Blog personal de Ángela Beato. Escribo lo que siento. Digo lo que pienso. Procura no tomarme demasiado en serio.

martes, 17 de agosto de 2021

Mi experiencia en un ‘Todo incluido’

Siempre me pareció una horterada lo del ‘Todo incluido’ de los hoteles. Por mi trayectoria vacacional, lo relacionaba con familias poco aventureras, marcadas por el pecado capital de la gula, que no salían del recinto durante toda su estancia y se pasaban las horas picoteando aperitivos con una cerveza en la mano, mientras sus retoños se ponían ciegos a helados. 

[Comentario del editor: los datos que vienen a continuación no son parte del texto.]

lemma left_mult_square:
  assumes "finite T"
  shows "left_mult k (left_mult k F) T = - sig k * F T"
proof (cases "k \<in> T")
  case True
  then have "left_mult k (left_mult k F) T
      = (clifford_sign k T * clifford_sign k T) * (- sig k * F T)"
    using assms by (simp add: left_mult_def clifford_sign_remove insert_absorb)
  then show ?thesis by (simp add: clifford_sign_square)
next
  case False
  then have "left_mult k (left_mult k F) T
      = (clifford_sign k T * clifford_sign k T) * (- sig k * F T)"
    using assms by (simp add: left_mult_def clifford_sign_insert)
  then show ?thesis by (simp add: clifford_sign_square)
qed

lemma left_mult_anticommute:
  assumes "finite T" "j \<noteq> k"
  shows "left_mult j (left_mult k F) T = - left_mult k (left_mult j F) T"
proof -
  have "T - {j} - {k} = T - {k} - {j}" "insert k (T - {j}) = insert k T - {j}"
    "insert j (T - {k}) = insert j T - {k}" "insert j (insert k T) = insert k (insert j T)"
    using assms(2) by auto
  then show ?thesis using assms
    by (cases "j \<in> T"; cases "k \<in> T"; cases "j < k")
      (auto simp: left_mult_def clifford_sign_remove clifford_sign_insert)
qed

text \<open>Coordinate functions on finite sets are stored in \<open>nat \<Rightarrow> real\<close> through
  \<open>set_encode\<close>; \<open>regular_space\<close> consists of those supported on subsets of \<open>{..<n}\<close>.\<close>

definition regular_space :: "(nat \<Rightarrow> real) set" where
  "regular_space = {f. \<forall>a. \<not> set_decode a \<subseteq> {..<n} \<longrightarrow> f a = 0}"

definition regular_gen :: "nat \<Rightarrow> (nat \<Rightarrow> real) \<Rightarrow> nat \<Rightarrow> real" where
  "regular_gen k f = (\<lambda>a. left_mult k (\<lambda>T. f (set_encode T)) (set_decode a))"

definition regular_rep :: "'z \<Rightarrow> (nat \<Rightarrow> real) \<Rightarrow> nat \<Rightarrow> real" where
  "regular_rep z f = (\<Sum>k<n. coord k z *\<^sub>R regular_gen k f)"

Cuando mis hijos eran pequeños recuerdo cómo miraban con una mezcla de envidia y deseo a aquellos niños que llevaban la pulserita que te señala como el afortunado que no paga nada porque ya lo ha pagado todo. Cuando se los cruzaban por las instalaciones el hotel relamiéndose después de empalmar un helado con otro, mis herederos automáticamente reclamaban sus derechos. Entonces había que emplearse a fondo para quitarles la idea de la cabeza. “Quizá más tarde, mejor otro tipo de helado que no sea industrial, no es bueno comer tanto dulce… “. Todo para terminar admitiendo ante ellos que esos niños que se cruzaban siempre comiendo gusanitos, patatas fritas o un Frigopié, podían pedir lo que quisieran porque sus padres habían contratado una tarifa para eso. Acto seguido, los micos nos abofeteaban con la gran pregunta: por qué nosotros no habíamos elegido lo mismo. Por aquel entonces éramos más jóvenes, conservábamos tanta capacidad dialéctica como paciencia y sabíamos torear con arte sus caprichos. Así que la sangre nunca llegaba al río y terminábamos nuestra estancia en ‘Alojamiento y desayuno’ o ‘Media pensión’ sin mayores contratiempos.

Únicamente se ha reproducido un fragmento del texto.